The BJP national general secretary Muralidhar Rao says that the people of Telangana had lost faith in the Congress after 12 of its 18 MLAs crossed over to the TRS after the elections. “The people have realised that the Congress cannot be an alternative to the TRS. And, they are now looking up to us to provide the alternative” he said.

Perfect political setting

“Telangana provides a perfect political setting for BJP to repeat its West Bengal strategy. Like in Bengal, the BJP will be looking for Hindu consolidation by harping on TRS’ friendly ties with the AIMIM (All India Majlis Ittehadul Muslimeen) and its Muslim appeasement policies,” political analyst Dr K Nageswar said.

Roping in Ram Madhav to lure Congress leaders into the BJP fold, bringing in Kiran Bedi as Telangana Governor, and building a binary political narrative could be part of the saffron party’s plans for the state, he said.

New mantra

“What 2014 was for North-East, 2024 will be for South” is the new mantra being chanted by the BJP leaders in the two Telugu states.

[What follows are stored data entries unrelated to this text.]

(* Assume the setting described in the context, and let $i\in\{1,\dots,t\}$. Let $\mathbf p\in\mathcal C^*$ be divisible by none of $\pi_1,\dots,\pi_{i-1}$. Then there exist a unique $j\in\mathbb N$ and a unique $\mathbf q\in\mathcal C^*$ divisible by none of $\pi_1,\dots,\pi_i$ such that $\mathbf p=j\pi_i+\mathbf q$ (in transvectant terms: $\mathbb T(\mathbf p)\equiv\vartheta_i^j\,\mathbb T(\mathbf q)$).
   Context: $\mathbb N=\{0,1,2,\dots\}$. For a real square matrix $A_0$ put $\mathcal D_{A_0}f(\mathbf x)=f'(\mathbf x)A_0\mathbf x$. Let $(\acute X,\acute Y,\acute Z),(\grave X,\grave Y,\grave Z)$ be $\mathfrak{sl}_2$ triads ($[X,Y]=Z,[Z,X]=2X,[Z,Y]=-2Y$) of real $n\times n$ resp. $m\times m$ matrices; $\acute{\mathcal X}=\mathcal D_{\acute Y},\acute{\mathcal Y}=\mathcal D_{\acute X},\acute{\mathcal Z}=\mathcal D_{\acute Z}$ on $\mathbb R[[\mathbf x]]$, similarly on $\mathbb R[[\mathbf y]]$; $\acute{\mathcal J}=\ker\acute{\mathcal X}$, $\grave{\mathcal J}=\ker\grave{\mathcal X}$. Hilbert bases $\alpha=(\alpha_1,\dots,\alpha_p)$ of $\acute{\mathcal J}$ and $\beta=(\beta_1,\dots,\beta_q)$ of $\grave{\mathcal J}$ consist of homogeneous weight invariants (eigenvectors of $\acute{\mathcal Z}$ resp. $\grave{\mathcal Z}$ with weights $\widehat\alpha_i,\widehat\beta_j$) whose monomials span by countable linear combinations; $\widehat\alpha\mathbf k=\sum\widehat\alpha_ik_i$, $\widehat\beta\boldsymbol\ell=\sum\widehat\beta_j\ell_j$. $\acute A\subset\mathbb N^p,\grave A\subset\mathbb N^q$ are standard preferred sets (monomials $\alpha^{\mathbf k}$, $\mathbf k\in\acute A$, pairwise distinct, linearly independent, spanning $\acute{\mathcal J}$ by countable combinations; $\acute A$ closed under componentwise-smaller vectors; same for $\grave A$). $\mathcal C=\{(\mathbf k;\boldsymbol\ell;s)\in\mathbb N^{p+q+1}:s\le\widehat\alpha\mathbf k,s\le\widehat\beta\boldsymbol\ell\}$ (the element $(\mathbf k;\boldsymbol\ell;s)$ represents the transvectant $\mathbb T(\mathbf k;\boldsymbol\ell;s)=(\alpha^{\mathbf k},\beta^{\boldsymbol\ell})^{(s)}$, defined by $(f,g)^{(s)}=\sum_{j=0}^s(-1)^j\binom sj\frac{(\widehat f-j)!}{(\widehat f-s)!}\frac{(\widehat g-s+j)!}{(\widehat g-s)!}(\acute{\mathcal Y}^jf)(\grave{\mathcal Y}^{s-j}g)$), $\mathcal C^*=\{(\mathbf k;\boldsymbol\ell;s)\in\mathcal C:\mathbf k\in\acute A,\boldsymbol\ell\in\grave A\}$. For $\mathbf p,\mathbf r\in\mathcal C$, $\mathbf p$ is divisible by $\mathbf r$ if $\mathbf p-\mathbf r\in\mathcal C$. A prime is a nonzero element of $\mathcal C$ that is not a sum of two nonzero elements of $\mathcal C$; $\pi_1,\dots,\pi_t$ are the primes lying in $\mathcal C^*$, listed in a fixed order, and $\vartheta_i=\mathbb T(\pi_i)$. Equivalence $\equiv$ of a transvectant monomial $\prod\mathbb T(\mathbf p_r)^{m_r}$ with $\mathbb T(\mathbf p)$ means $\mathbf p=\sum m_r\mathbf p_r$. *)

theory Defs
  imports Main
begin

text \<open>Elements of N^(p+q+1) are represented as triples (k, l, s) with
  k a list of length p, l a list of length q and s a natural number.\<close>

type_synonym cvec = "nat list \<times> nat list \<times> nat"

definition wsum :: "nat list \<Rightarrow> nat list \<Rightarrow> nat" where
  "wsum w k = (\<Sum>i<length w. w ! i * k ! i)"

definition Ccone :: "nat list \<Rightarrow> nat list \<Rightarrow> cvec set" where
  "Ccone wa wb = {(k, l, s). length k = length wa \<and> length l = length wb \<and>
                    s \<le> wsum wa k \<and> s \<le> wsum wb l}"

definition Cstar :: "nat list \<Rightarrow> nat list \<Rightarrow> nat list set \<Rightarrow> nat list set \<Rightarrow> cvec set" where
  "Cstar wa wb A B = {(k, l, s). (k, l, s) \<in> Ccone wa wb \<and> k \<in> A \<and> l \<in> B}"

definition cadd :: "cvec \<Rightarrow> cvec \<Rightarrow> cvec" where
  "cadd x y = (case x of (k, l, s) \<Rightarrow> case y of (k', l', s') \<Rightarrow>
      (map2 (+) k k', map2 (+) l l', s + s'))"

definition cscale :: "nat \<Rightarrow> cvec \<Rightarrow> cvec" where
  "cscale j x = (case x of (k, l, s) \<Rightarrow> (map ((*) j) k, map ((*) j) l, j * s))"

definition czero :: "nat list \<Rightarrow> nat list \<Rightarrow> cvec" where
  "czero wa wb = (replicate (length wa) 0, replicate (length wb) 0, 0)"

definition cdivisible :: "nat list \<Rightarrow> nat list \<Rightarrow> cvec \<Rightarrow> cvec \<Rightarrow> bool" where
  "cdivisible wa wb x r \<longleftrightarrow> (\<exists>d \<in> Ccone wa wb. x = cadd r d)"

definition cprime :: "nat list \<Rightarrow> nat list \<Rightarrow> cvec \<Rightarrow> bool" where
  "cprime wa wb x \<longleftrightarrow> x \<in> Ccone wa wb \<and> x \<noteq> czero wa wb \<and>
     \<not> (\<exists>y \<in> Ccone wa wb. \<exists>z \<in> Ccone wa wb.
          y \<noteq> czero wa wb \<and> z \<noteq> czero wa wb \<and> x = cadd y z)"

text \<open>Combinatorial part of "standard preferred set": a set of exponent
  vectors of length n closed under componentwise-smaller vectors.\<close>
definition down_closed :: "nat \<Rightarrow> nat list set \<Rightarrow> bool" where
  "down_closed n A \<longleftrightarrow> (\<forall>k \<in> A. length k = n) \<and>
     (\<forall>k \<in> A. \<forall>k'. length k' = length k \<and> (\<forall>i < length k. k' ! i \<le> k ! i) \<longrightarrow> k' \<in> A)"

end

theory Submission
  imports Defs
begin

text \<open>Only the fact that \<open>\<pi>\<^sub>i\<close> is a nonzero element of the cone matters. Repeatedly
  subtracting \<open>\<pi>\<^sub>i\<close> from \<open>\<bold>p\<close> terminates because the coordinate sum drops each time,
  stays inside \<open>C\<^sup>*\<close> because \<open>A\<close> and \<open>B\<close> are closed downwards, and never creates
  divisibility by \<open>\<pi>\<^sub>1, \<dots>, \<pi>\<^sub>i\<^sub>-\<^sub>1\<close>, since a divisor of the remainder also divides \<open>\<bold>p\<close>.
  Uniqueness follows from cancellation in \<open>\<nat>\<^sup>p\<^sup>+\<^sup>q\<^sup>+\<^sup>1\<close>: a surplus of \<open>\<pi>\<^sub>i\<close> on one side
  would make the other remainder divisible by \<open>\<pi>\<^sub>i\<close>.\<close>

lemma map2_plus_assoc:
  "map2 (+) (map2 (+) xs ys) zs = map2 (+) xs (map2 (+) ys (zs :: 'a :: semigroup_add list))"
proof (induction xs arbitrary: ys zs)
  case (Cons x xs)
  then show ?case by (cases ys; cases zs) (auto simp: add.assoc)
qed simp

lemma map2_plus_commute: "map2 (+) xs ys = map2 (+) ys (xs :: 'a :: ab_semigroup_add list)"
proof (induction xs arbitrary: ys)
  case (Cons x xs)
  then show ?case by (cases ys) (auto simp: add.commute)
qed simp

lemma map2_plus_left_cancel:
  fixes xs ys zs :: "'a :: cancel_semigroup_add list"
  assumes "length ys = length xs" and "length zs = length xs"
    and "map2 (+) xs ys = map2 (+) xs zs"
  shows "ys = zs"
  using assms
proof (induction xs arbitrary: ys zs)
  case (Cons x xs)
  obtain y ys' z zs' where ys: "ys = y # ys'" and zs: "zs = z # zs'"
    using Cons.prems(1,2) by (cases ys; cases zs) auto
  show ?case using Cons.prems Cons.IH[of ys' zs'] unfolding ys zs by simp
qed simp

lemma map2_plus_replicate_0:
  "length ys = n \<Longrightarrow> map2 (+) (replicate n 0) ys = (ys :: 'a :: monoid_add list)"
  by (induction ys arbitrary: n) auto

lemma sum_list_map2_plus:
  "length xs = length ys \<Longrightarrow>
   sum_list (map2 (+) xs ys) = sum_list xs + sum_list (ys :: 'a :: comm_monoid_add list)"
  by (induction xs ys rule: list_induct2) (auto simp: ac_simps)

lemma map2_plus_in_down_closed:
  assumes "down_closed n A" and "map2 (+) xs ys \<in> A" and "length xs = length ys"
  shows "ys \<in> A"
proof -
  have "length (map2 (+) xs ys) = length ys" and "\<forall>i < length ys. ys ! i \<le> map2 (+) xs ys ! i"
    using assms(3) by auto
  with assms(1,2) show ?thesis unfolding down_closed_def by metis
qed

lemma wsum_map2_plus:
  "length k = length w \<Longrightarrow> length k' = length w \<Longrightarrow>
   wsum w (map2 (+) k k') = wsum w k + wsum w k'"
  unfolding wsum_def by (simp add: algebra_simps sum.distrib)

lemma wsum_scale: "length k = length w \<Longrightarrow> wsum w (map ((*) j) k) = j * wsum w k"
  unfolding wsum_def by (simp add: algebra_simps sum_distrib_left)

lemma cadd_assoc: "cadd (cadd x y) z = cadd x (cadd y z)"
  by (cases x; cases y; cases z) (simp add: cadd_def map2_plus_assoc)

lemma cadd_commute: "cadd x y = cadd y x"
  by (cases x; cases y) (simp add: cadd_def map2_plus_commute add.commute)

lemma cscale_add: "cscale (a + b) x = cadd (cscale a x) (cscale b x)"
  by (cases x) (simp add: cadd_def cscale_def zip_map1 zip_map2 zip_same_conv_map
                          o_def algebra_simps)

lemma cscale_1: "cscale 1 x = x"
  by (cases x) (simp add: cscale_def map_idI)

lemma cscale_Suc: "cscale (Suc j) x = cadd x (cscale j x)"
  by (metis cscale_1 cscale_add plus_1_eq_Suc)

lemma cscale_0: "x \<in> Ccone wa wb \<Longrightarrow> cscale 0 x = czero wa wb"
  by (cases x) (auto simp: cscale_def czero_def Ccone_def intro!: nth_equalityI)

lemma cadd_czero_left: "x \<in> Ccone wa wb \<Longrightarrow> cadd (czero wa wb) x = x"
  by (cases x) (simp add: cadd_def czero_def Ccone_def map2_plus_replicate_0)

lemma Ccone_cadd: "x \<in> Ccone wa wb \<Longrightarrow> y \<in> Ccone wa wb \<Longrightarrow> cadd x y \<in> Ccone wa wb"
  by (cases x; cases y) (auto simp: cadd_def Ccone_def wsum_map2_plus intro: add_mono)

lemma Ccone_cscale: "x \<in> Ccone wa wb \<Longrightarrow> cscale j x \<in> Ccone wa wb"
  by (cases x) (auto simp: cscale_def Ccone_def wsum_scale)

lemma cadd_left_cancel:
  "x \<in> Ccone wa wb \<Longrightarrow> y \<in> Ccone wa wb \<Longrightarrow> z \<in> Ccone wa wb \<Longrightarrow>
   cadd x y = cadd x z \<Longrightarrow> y = z"
  by (cases x; cases y; cases z)
     (clarsimp simp: cadd_def Ccone_def, metis map2_plus_left_cancel)

lemma Cstar_cadd_right:
  assumes "down_closed (length wa) A" and "down_closed (length wb) B"
    and "cadd x y \<in> Cstar wa wb A B" and "x \<in> Ccone wa wb" and "y \<in> Ccone wa wb"
  shows "y \<in> Cstar wa wb A B"
  using assms by (cases x; cases y)
    (auto simp: Cstar_def Ccone_def cadd_def intro: map2_plus_in_down_closed)

lemma cdivisible_cadd:
  "cdivisible wa wb y \<pi> \<Longrightarrow> x \<in> Ccone wa wb \<Longrightarrow> cdivisible wa wb (cadd x y) \<pi>"
proof -
  assume "cdivisible wa wb y \<pi>" and x: "x \<in> Ccone wa wb"
  then obtain d where d: "d \<in> Ccone wa wb" and "y = cadd \<pi> d"
    unfolding cdivisible_def by blast
  then have "cadd x y = cadd \<pi> (cadd x d)"
    by (metis cadd_assoc cadd_commute)
  with Ccone_cadd[OF x d] show ?thesis
    unfolding cdivisible_def by blast
qed

fun csize :: "cvec \<Rightarrow> nat" where
  "csize (k, l, s) = sum_list k + sum_list l + s"

lemma csize_cadd:
  "x \<in> Ccone wa wb \<Longrightarrow> y \<in> Ccone wa wb \<Longrightarrow> csize (cadd x y) = csize x + csize y"
  by (cases x; cases y) (auto simp: cadd_def Ccone_def sum_list_map2_plus)

lemma csize_pos: "x \<in> Ccone wa wb \<Longrightarrow> x \<noteq> czero wa wb \<Longrightarrow> 0 < csize x"
  by (cases x) (auto simp: Ccone_def czero_def intro!: replicate_eqI)

lemma cdivisible_of_cadd_cscale_less:
  assumes p: "p \<in> Ccone wa wb" and q: "q \<in> Ccone wa wb" and q': "q' \<in> Ccone wa wb"
    and less: "j < j'" and eq: "cadd (cscale j p) q = cadd (cscale j' p) q'"
  shows "cdivisible wa wb q p"
proof -
  obtain m where "j' = Suc (j + m)" using less_imp_Suc_add[OF less] ..
  then have j': "j' = j + Suc m" by simp
  have "cadd (cscale j p) q = cadd (cscale j p) (cadd (cscale (Suc m) p) q')"
    using eq unfolding j' cscale_add cadd_assoc .
  then have "q = cadd (cscale (Suc m) p) q'"
    by (rule cadd_left_cancel[OF Ccone_cscale[OF p] q Ccone_cadd[OF Ccone_cscale[OF p] q']])
  also have "\<dots> = cadd p (cadd (cscale m p) q')"
    unfolding cscale_Suc cadd_assoc ..
  finally show ?thesis
    unfolding cdivisible_def using Ccone_cadd[OF Ccone_cscale[OF p] q'] by blast
qed

lemma cadd_cscale_unique:
  assumes p: "p \<in> Ccone wa wb" and q: "q \<in> Ccone wa wb" and q': "q' \<in> Ccone wa wb"
    and "\<not> cdivisible wa wb q p" and "\<not> cdivisible wa wb q' p"
    and eq: "cadd (cscale j p) q = cadd (cscale j' p) q'"
  shows "j = j' \<and> q = q'"
proof -
  have "j = j'"
    using cdivisible_of_cadd_cscale_less[OF p q q' _ eq]
          cdivisible_of_cadd_cscale_less[OF p q' q _ eq[symmetric]] assms(4,5)
    by (meson linorder_neqE_nat)
  with eq show ?thesis
    using cadd_left_cancel[OF Ccone_cscale[OF p] q q'] by blast
qed

lemma exists_cadd_cscale_not_cdivisible:
  assumes dA: "down_closed (length wa) A" and dB: "down_closed (length wb) B"
    and p: "p \<in> Ccone wa wb" "p \<noteq> czero wa wb"
  shows "y \<in> Cstar wa wb A B \<Longrightarrow> \<forall>\<pi> \<in> S. \<not> cdivisible wa wb y \<pi> \<Longrightarrow>
     \<exists>j q. q \<in> Cstar wa wb A B \<and> (\<forall>\<pi> \<in> insert p S. \<not> cdivisible wa wb q \<pi>)
            \<and> y = cadd (cscale j p) q"
proof (induction "csize y" arbitrary: y rule: less_induct)
  case less
  have y: "y \<in> Ccone wa wb" using less.prems(1) unfolding Cstar_def by auto
  show ?case
  proof (cases "cdivisible wa wb y p")
    case False
    then show ?thesis
      using less.prems cscale_0[OF p(1)] cadd_czero_left[OF y]
      by (intro exI[of _ 0] exI[of _ y]) auto
  next
    case True
    then obtain d where d: "d \<in> Ccone wa wb" and y_eq: "y = cadd p d"
      unfolding cdivisible_def by blast
    have "d \<in> Cstar wa wb A B"
      using Cstar_cadd_right[OF dA dB] less.prems(1) d p(1) y_eq by blast
    moreover have "\<forall>\<pi> \<in> S. \<not> cdivisible wa wb d \<pi>"
      using less.prems(2) cdivisible_cadd[OF _ p(1)] y_eq by blast
    moreover have "csize d < csize y"
      using csize_cadd[OF p(1) d] csize_pos[OF p] y_eq by simp
    ultimately obtain j q where "q \<in> Cstar wa wb A B"
        and "\<forall>\<pi> \<in> insert p S. \<not> cdivisible wa wb q \<pi>" and "d = cadd (cscale j p) q"
      using less.hyps by blast
    then show ?thesis
      using y_eq by (intro exI[of _ "Suc j"] exI[of _ q]) (simp add: cscale_Suc cadd_assoc)
  qed
qed

theorem lemma15p2:
  fixes wa wb :: "nat list" and A B :: "nat list set"
    and pis :: "cvec list" and i :: nat and x :: cvec
  assumes "down_closed (length wa) A" and "down_closed (length wb) B"
    and "distinct pis"
    and "set pis = {\<pi> \<in> Cstar wa wb A B. cprime wa wb \<pi>}"
    and "i < length pis"
    and "x \<in> Cstar wa wb A B"
    and "\<forall>\<pi> \<in> set (take i pis). \<not> cdivisible wa wb x \<pi>"
  shows "\<exists>!(j, q). q \<in> Cstar wa wb A B
            \<and> (\<forall>\<pi> \<in> set (take (Suc i) pis). \<not> cdivisible wa wb q \<pi>)
            \<and> x = cadd (cscale j (pis ! i)) q"
proof -
  let ?p = "pis ! i"
  have "cprime wa wb ?p" using assms(4,5) nth_mem by blast
  then have p: "?p \<in> Ccone wa wb" "?p \<noteq> czero wa wb" unfolding cprime_def by auto
  have take_Suc: "set (take (Suc i) pis) = insert ?p (set (take i pis))"
    using assms(5) by (simp add: take_Suc_conv_app_nth)
  obtain j q where q: "q \<in> Cstar wa wb A B"
      and q_nd: "\<forall>\<pi> \<in> set (take (Suc i) pis). \<not> cdivisible wa wb q \<pi>"
      and x_eq: "x = cadd (cscale j ?p) q"
    using exists_cadd_cscale_not_cdivisible[OF assms(1,2) p assms(6,7)]
    unfolding take_Suc by blast
  have "(j', q') = (j, q)"
    if "q' \<in> Cstar wa wb A B" and "\<forall>\<pi> \<in> set (take (Suc i) pis). \<not> cdivisible wa wb q' \<pi>"
      and "x = cadd (cscale j' ?p) q'" for j' q'
  proof -
    have "\<not> cdivisible wa wb q ?p" and "\<not> cdivisible wa wb q' ?p"
      using q_nd that(2) unfolding take_Suc by auto
    with q x_eq that(1,3) show ?thesis
      using cadd_cscale_unique[OF p(1), of q' q j' j] by (auto simp: Cstar_def)
  qed
  with q q_nd x_eq show ?thesis by (intro ex1I[of _ "(j, q)"]) auto
qed

end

Even before the euphoria over an emphatic Lok Sabha victory could subside, the saffron party has unveiled its ‘Look South’ mission for 2024 general elections. “Our next target will be southern states,” a beaming Himanta Biswa Sarma had declared soon after the announcement of the LS results last month. Widely credited with the saffron surge in the North-Eastern states, Sarma is the poster boy of BJP in the region.

The saffron party is drawing up plans to make inroads in Telangana and AP, using different strategies for each state. In AP, where the BJP drew a blank in both the Lok Sabha and Assembly, the plan is to use the YSR Congress Party supremo and Chief Minister YS Jagan Mohan Reddy’s shoulders to fire at his rival Telugu Desam Party and then occupy the opposition space before the 2024 poll battle.

However, the strategy for Telangana involves a ‘direct fight’ against the TRS, luring senior leaders from a weakened and faction-ridden Congress into its fold, and highlighting the ‘dynastic politics and minority appeasement policies’ of the Chief Minister.

The party is also planning to take up programmes invoking its pet theme of nationalism. For instance, it is planning a massive public meeting in Hyderabad on September 17 on the occasion of “Hyderabad Liberation Day” to mark the anniversary of the Nizam-led Hyderabad State’s merger with the Indian Union in 1948.